▸ **EXERCISE AIM**
Look for "where" in the records and copy every line that has it.
=== Section Start ===
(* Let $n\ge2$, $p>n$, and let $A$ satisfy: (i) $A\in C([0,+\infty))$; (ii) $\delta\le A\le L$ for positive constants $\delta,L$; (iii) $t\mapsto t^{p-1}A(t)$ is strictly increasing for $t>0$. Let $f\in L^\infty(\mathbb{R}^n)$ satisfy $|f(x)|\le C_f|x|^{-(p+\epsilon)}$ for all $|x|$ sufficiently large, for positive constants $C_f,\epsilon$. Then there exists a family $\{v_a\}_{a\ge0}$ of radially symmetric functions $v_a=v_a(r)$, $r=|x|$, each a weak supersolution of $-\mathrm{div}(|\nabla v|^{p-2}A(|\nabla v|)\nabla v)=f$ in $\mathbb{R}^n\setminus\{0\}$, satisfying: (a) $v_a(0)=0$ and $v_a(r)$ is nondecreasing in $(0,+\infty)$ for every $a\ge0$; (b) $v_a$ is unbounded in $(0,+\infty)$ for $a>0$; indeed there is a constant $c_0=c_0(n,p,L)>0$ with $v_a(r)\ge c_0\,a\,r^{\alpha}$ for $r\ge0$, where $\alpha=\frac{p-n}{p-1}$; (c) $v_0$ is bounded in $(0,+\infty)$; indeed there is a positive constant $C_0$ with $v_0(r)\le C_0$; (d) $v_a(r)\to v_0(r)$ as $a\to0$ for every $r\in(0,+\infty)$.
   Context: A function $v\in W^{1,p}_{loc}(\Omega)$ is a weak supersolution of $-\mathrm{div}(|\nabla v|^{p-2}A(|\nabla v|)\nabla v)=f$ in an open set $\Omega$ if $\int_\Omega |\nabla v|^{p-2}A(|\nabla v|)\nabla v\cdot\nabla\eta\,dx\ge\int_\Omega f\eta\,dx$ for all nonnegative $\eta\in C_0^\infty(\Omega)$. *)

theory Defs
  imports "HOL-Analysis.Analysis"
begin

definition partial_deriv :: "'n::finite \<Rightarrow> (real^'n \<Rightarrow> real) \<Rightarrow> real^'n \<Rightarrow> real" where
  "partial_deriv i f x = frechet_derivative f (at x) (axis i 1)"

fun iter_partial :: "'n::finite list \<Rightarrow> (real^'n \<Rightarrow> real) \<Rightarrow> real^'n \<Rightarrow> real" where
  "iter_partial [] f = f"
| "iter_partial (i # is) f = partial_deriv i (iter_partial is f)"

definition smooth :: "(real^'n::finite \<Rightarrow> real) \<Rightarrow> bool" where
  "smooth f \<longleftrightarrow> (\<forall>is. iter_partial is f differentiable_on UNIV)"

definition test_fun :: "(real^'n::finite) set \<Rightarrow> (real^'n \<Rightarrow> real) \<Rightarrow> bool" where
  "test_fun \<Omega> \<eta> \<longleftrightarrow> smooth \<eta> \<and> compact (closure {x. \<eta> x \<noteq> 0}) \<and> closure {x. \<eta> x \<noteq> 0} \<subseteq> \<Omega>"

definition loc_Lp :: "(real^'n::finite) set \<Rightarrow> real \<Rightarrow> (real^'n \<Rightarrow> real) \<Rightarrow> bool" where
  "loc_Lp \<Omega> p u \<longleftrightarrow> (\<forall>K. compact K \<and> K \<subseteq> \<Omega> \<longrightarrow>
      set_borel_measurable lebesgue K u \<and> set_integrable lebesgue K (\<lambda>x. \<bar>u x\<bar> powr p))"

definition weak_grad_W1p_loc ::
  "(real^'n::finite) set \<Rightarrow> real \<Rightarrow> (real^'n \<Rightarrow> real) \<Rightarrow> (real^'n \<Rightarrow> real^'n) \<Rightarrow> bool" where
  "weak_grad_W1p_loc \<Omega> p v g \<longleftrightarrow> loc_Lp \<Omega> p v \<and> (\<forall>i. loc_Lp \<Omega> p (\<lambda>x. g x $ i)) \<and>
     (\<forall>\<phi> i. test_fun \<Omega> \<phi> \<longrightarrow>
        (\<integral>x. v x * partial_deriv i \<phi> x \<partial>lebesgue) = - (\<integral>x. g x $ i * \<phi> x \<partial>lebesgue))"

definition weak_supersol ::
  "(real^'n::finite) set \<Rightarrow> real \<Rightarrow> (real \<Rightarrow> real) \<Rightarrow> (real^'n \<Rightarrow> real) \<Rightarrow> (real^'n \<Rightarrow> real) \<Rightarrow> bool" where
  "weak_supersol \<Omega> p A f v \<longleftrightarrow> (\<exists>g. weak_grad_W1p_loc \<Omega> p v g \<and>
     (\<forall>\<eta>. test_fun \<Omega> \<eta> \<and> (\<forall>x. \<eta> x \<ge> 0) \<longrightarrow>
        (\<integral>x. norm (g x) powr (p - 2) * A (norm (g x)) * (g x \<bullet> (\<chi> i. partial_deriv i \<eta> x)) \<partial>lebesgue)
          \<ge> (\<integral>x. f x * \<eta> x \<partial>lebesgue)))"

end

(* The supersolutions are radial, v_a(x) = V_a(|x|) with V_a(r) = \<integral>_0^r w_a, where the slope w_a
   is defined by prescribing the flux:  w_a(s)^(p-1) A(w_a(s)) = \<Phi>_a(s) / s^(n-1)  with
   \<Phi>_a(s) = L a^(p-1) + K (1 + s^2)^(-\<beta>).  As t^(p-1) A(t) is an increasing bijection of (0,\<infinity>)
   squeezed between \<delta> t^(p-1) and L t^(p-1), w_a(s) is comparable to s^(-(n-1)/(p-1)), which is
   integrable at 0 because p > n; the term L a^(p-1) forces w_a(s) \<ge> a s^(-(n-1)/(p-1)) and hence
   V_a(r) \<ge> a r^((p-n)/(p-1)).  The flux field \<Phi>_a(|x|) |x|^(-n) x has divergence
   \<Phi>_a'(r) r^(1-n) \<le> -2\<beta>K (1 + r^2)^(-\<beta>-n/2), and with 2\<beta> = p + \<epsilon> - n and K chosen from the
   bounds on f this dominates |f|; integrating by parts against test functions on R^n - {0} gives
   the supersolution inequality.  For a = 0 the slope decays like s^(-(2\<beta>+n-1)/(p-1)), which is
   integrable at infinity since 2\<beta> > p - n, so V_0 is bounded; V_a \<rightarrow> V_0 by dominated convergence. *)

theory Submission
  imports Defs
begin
=== Section End ===
=== Section Start ===
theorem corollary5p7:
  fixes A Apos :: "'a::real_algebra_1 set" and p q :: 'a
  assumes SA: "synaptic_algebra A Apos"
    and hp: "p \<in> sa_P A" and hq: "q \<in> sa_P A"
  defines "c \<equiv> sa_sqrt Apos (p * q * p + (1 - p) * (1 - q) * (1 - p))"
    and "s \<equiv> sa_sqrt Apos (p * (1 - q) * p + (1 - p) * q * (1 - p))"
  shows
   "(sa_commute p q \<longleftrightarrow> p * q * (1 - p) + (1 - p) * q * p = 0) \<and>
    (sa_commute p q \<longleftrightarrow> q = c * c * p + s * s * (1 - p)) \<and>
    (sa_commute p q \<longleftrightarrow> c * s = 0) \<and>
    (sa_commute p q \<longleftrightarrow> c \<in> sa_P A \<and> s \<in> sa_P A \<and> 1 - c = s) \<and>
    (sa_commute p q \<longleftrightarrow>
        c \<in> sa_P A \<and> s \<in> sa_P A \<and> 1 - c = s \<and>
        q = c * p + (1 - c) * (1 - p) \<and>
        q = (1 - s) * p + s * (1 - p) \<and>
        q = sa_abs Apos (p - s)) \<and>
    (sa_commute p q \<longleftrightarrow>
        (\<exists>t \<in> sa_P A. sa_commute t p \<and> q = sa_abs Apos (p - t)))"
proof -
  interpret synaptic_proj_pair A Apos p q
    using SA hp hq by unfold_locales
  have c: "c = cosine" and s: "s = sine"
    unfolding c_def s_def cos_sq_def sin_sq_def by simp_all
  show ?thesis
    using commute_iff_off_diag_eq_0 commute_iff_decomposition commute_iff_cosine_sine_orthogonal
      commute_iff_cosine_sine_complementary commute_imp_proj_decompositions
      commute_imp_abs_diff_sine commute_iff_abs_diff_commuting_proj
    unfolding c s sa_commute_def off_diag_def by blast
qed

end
=== Section End ===
▸ **RESPONSE TO THIS TASK**
(* Let $n\ge2$, $p>n$, and let $A$ satisfy: (i) $A\in C([0,+\infty))$; (ii) $\delta\le A\le L$ for positive constants $\delta,L$; (iii) $t\mapsto t^{p-1}A(t)$ is strictly increasing for $t>0$. Let $f\in L^\infty(\mathbb{R}^n)$ satisfy $|f(x)|\le C_f|x|^{-(p+\epsilon)}$ for all $|x|$ sufficiently large, for positive constants $C_f,\epsilon$. Then there exists a family $\{v_a\}_{a\ge0}$ of radially symmetric functions $v_a=v_a(r)$, $r=|x|$, each a weak supersolution of $-\mathrm{div}(|\nabla v|^{p-2}A(|\nabla v|)\nabla v)=f$ in $\mathbb{R}^n\setminus\{0\}$, satisfying: (a) $v_a(0)=0$ and $v_a(r)$ is nondecreasing in $(0,+\infty)$ for every $a\ge0$; (b) $v_a$ is unbounded in $(0,+\infty)$ for $a>0$; indeed there is a constant $c_0=c_0(n,p,L)>0$ with $v_a(r)\ge c_0\,a\,r^{\alpha}$ for $r\ge0$, where $\alpha=\frac{p-n}{p-1}$; (c) $v_0$ is bounded in $(0,+\infty)$; indeed there is a positive constant $C_0$ with $v_0(r)\le C_0$; (d) $v_a(r)\to v_0(r)$ as $a\to0$ for every $r\in(0,+\infty)$.
definition partial_deriv :: "'n::finite \<Rightarrow> (real^'n \<Rightarrow> real) \<Rightarrow> real^'n \<Rightarrow> real" where
fun iter_partial :: "'n::finite list \<Rightarrow> (real^'n \<Rightarrow> real) \<Rightarrow> real^'n \<Rightarrow> real" where
definition smooth :: "(real^'n::finite \<Rightarrow> real) \<Rightarrow> bool" where
definition test_fun :: "(real^'n::finite) set \<Rightarrow> (real^'n \<Rightarrow> real) \<Rightarrow> bool" where
definition loc_Lp :: "(real^'n::finite) set \<Rightarrow> real \<Rightarrow> (real^'n \<Rightarrow> real) \<Rightarrow> bool" where
  "(real^'n::finite) set \<Rightarrow> real \<Rightarrow> (real^'n \<Rightarrow> real) \<Rightarrow> (real^'n \<Rightarrow> real^'n) \<Rightarrow> bool" where
  "(real^'n::finite) set \<Rightarrow> real \<Rightarrow> (real \<Rightarrow> real) \<Rightarrow> (real^'n \<Rightarrow> real) \<Rightarrow> (real^'n \<Rightarrow> real) \<Rightarrow> bool" where
(* The supersolutions are radial, v_a(x) = V_a(|x|) with V_a(r) = \<integral>_0^r w_a, where the slope w_a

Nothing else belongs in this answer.